Women have made great strides in taking leadership roles over recent decades, but there is still a long way to go in terms of involvement in corporate boards, The Nationals Member for Murray Valley, Tim McCurdy, said today.

The number of women on the top 200 Australian corporate boards is just 14 per cent, Mr McCurdy said. Government and not-for-profit boards are better, but not much better!

Sadly, Australia is not the enlightened country it could be, and should be, when it comes to leadership diversity, and there is a dearth of women on boards, and even fewer women chairs.  So, whilst there is much to celebrate, there remains much to do, he said. 

Women in rural and regional areas make an enormous contribution to the social and economic wellbeing of their communities, yet their contribution is largely undervalued, and we need to encourage women to join decision-making boards and committees, Mr McCurdy said.

Increasing the variety of people serving on boards offers an opportunity to tap into a rich pool of talented candidates, bringing new voices, experiences and approaches to the decision-making process and adding depth to existing skills and ideas, and, bringing the board closer to properly representing stakeholders.

Greater diversity expands the networks available to your group, helps to reach your ‘audience’, increases the profile of your group and makes for better governance, he said. With women making up 51 per cent of the population, having women on boards makes them more relevant to the whole community.

Our Community, the Women’s Leadership Institute Australia and the Alcoa Foundation recently launched a new book to help get more women into leadership positions in Australia. Get on a Board [Even Better – Become the Chair] is designed for women considering a role on a community, Government or corporate board.

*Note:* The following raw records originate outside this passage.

(* Let $q>0$, $\mu=\sqrt q$, $H$ a $d$-dimensional Hilbert space with orthonormal basis $(\psi_r)$, $2\le n\le d$ and $1\le i_1<\dots<i_n\le d$. Set $\overline H_{i_1,\dots,i_n}:=\varepsilon(E_{n-1})H_{i_1,\dots,i_n}^{\otimes(n-1)}$, $R_{i_1,\dots,i_n}:=\frac{1}{\mu^{(n-1)/2}\sqrt{(n-1)!_q}}S_{i_1,\dots,i_n}$ and $\overline R_{i_1,\dots,i_n}:=(-1)^{n-1}R_{i_1,\dots,i_n}$. Then $R_{i_1,\dots,i_n}\in\overline H_{i_1,\dots,i_n}\otimes H_{i_1,\dots,i_n}$, $\overline R_{i_1,\dots,i_n}\in H_{i_1,\dots,i_n}\otimes\overline H_{i_1,\dots,i_n}$, and the conjugate equations hold: $(\overline R_{i_1,\dots,i_n}^*\otimes1_{H_{i_1,\dots,i_n}})(1_{H_{i_1,\dots,i_n}}\otimes R_{i_1,\dots,i_n})=1_{H_{i_1,\dots,i_n}}$, $(R_{i_1,\dots,i_n}^*\otimes1_{\overline H_{i_1,\dots,i_n}})(1_{\overline H_{i_1,\dots,i_n}}\otimes\overline R_{i_1,\dots,i_n})=1_{\overline H_{i_1,\dots,i_n}}$. Hence $\overline H_{i_1,\dots,i_n}$ is a conjugate of $H_{i_1,\dots,i_n}$ in the smallest tensor $*$-category of Hilbert spaces (with subobjects) containing $S_{i_1,\dots,i_n}$.
   Context: $g_q$ on $H\otimes H$: $g_q\psi_i\otimes\psi_j=-\mu\psi_j\otimes\psi_i$ ($i<j$), $g_q\psi_i\otimes\psi_i=-\psi_i\otimes\psi_i$, $g_q\psi_i\otimes\psi_j=(q-1)\psi_i\otimes\psi_j-\mu\psi_j\otimes\psi_i$ ($i>j$); Jimbo–Woronowicz representation $\varepsilon(g_i)=1_{H^{\otimes(i-1)}}\otimes g_q\otimes1$ of the Hecke algebras $H_m(q)$. $A_1=1$, $A_{m+1}=\sum_{i=0}^mg_i\cdots g_1\sigma(A_m)$, $\sigma(g_i)=g_{i+1}$, $m!_q=\prod_{j=1}^m(1+\dots+q^{j-1})$, $E_m=A_m/m!_q$. $S_{i_1,\dots,i_n}:=\sum_{p\in\mathbb P_n}(-\mu)^{i(p)}\psi_{i_{p(1)}}\otimes\dots\otimes\psi_{i_{p(n)}}$ with $i(p)$ the number of inversions of $p$, viewed as a map $\mathbb C\to H^{\otimes n}$. $H_{i_1,\dots,i_n}=\mathrm{span}\{\psi_{i_1},\dots,\psi_{i_n}\}$. Objects $\sigma,\bar\sigma$ are conjugate if there are $R\in(\iota,\bar\sigma\otimes\sigma)$, $\bar R\in(\iota,\sigma\otimes\bar\sigma)$ satisfying the two conjugate equations above. *)

theory Defs
  imports "HOL-Analysis.Analysis" "HOL-Combinatorics.Permutations"
begin

text \<open>Model: H = C^d with orthonormal basis psi_1,...,psi_d.  A vector of the tensor
power H^{(x)m} is a function  nat list => complex  supported on lists of length m
with entries in {1..d}; the value at [j1,...,jm] is the coefficient of
psi_j1 (x) ... (x) psi_jm.\<close>

type_synonym tvec = "nat list \<Rightarrow> complex"

definition words :: "nat \<Rightarrow> nat \<Rightarrow> nat list set" where
  "words d m = {js. length js = m \<and> set js \<subseteq> {1..d}}"

text \<open>Tensor powers of the subspace spanned by the basis vectors with indices in I.\<close>
definition tpow_sub :: "nat set \<Rightarrow> nat \<Rightarrow> tvec set" where
  "tpow_sub I m = {v. \<forall>js. v js \<noteq> 0 \<longrightarrow> length js = m \<and> set js \<subseteq> I}"

text \<open>Tensor product of vectors, the first factor living in a k-th tensor power.\<close>
definition tens :: "nat \<Rightarrow> tvec \<Rightarrow> tvec \<Rightarrow> tvec" where
  "tens k v w = (\<lambda>js. v (take k js) * w (drop k js))"

definition cspan :: "tvec set \<Rightarrow> tvec set" where
  "cspan S = {x. \<exists>F c. finite F \<and> F \<subseteq> S \<and> x = (\<lambda>js. \<Sum>v\<in>F. c v * v js)}"

definition tens_sub :: "nat \<Rightarrow> tvec set \<Rightarrow> tvec set \<Rightarrow> tvec set" where
  "tens_sub k V W = cspan {tens k v w | v w. v \<in> V \<and> w \<in> W}"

Designed to inspire and empower more women to take the leap into the board arena, the book examines the board lifecycle, from first consideration of such a role, through finding the right board, getting the gig, honing your performance, and, finally, moving on.

It includes tips, insights and tricks for aspiring board members and many insights for men and boards as well on making their structures more welcoming to women.

The book was produced as part of the joint Advancing Diversity and Women in Australia project, which will also involve a regional training program for women aspiring to board roles, supported through the Alcoa Foundation.

Our Community is the leading provider of information and training for community organisations in Australia and has long been involved in the campaign to create more opportunities for leadership positions for women.

The Alcoa Foundation has a proud history or supporting the advancement of community leadership in Australia through the provision of grants, volunteers and expert support. More information about the project, and the book, can be found online, at www.ourcommunity.com.au/books/getonaboard , Mr McCurdy concluded.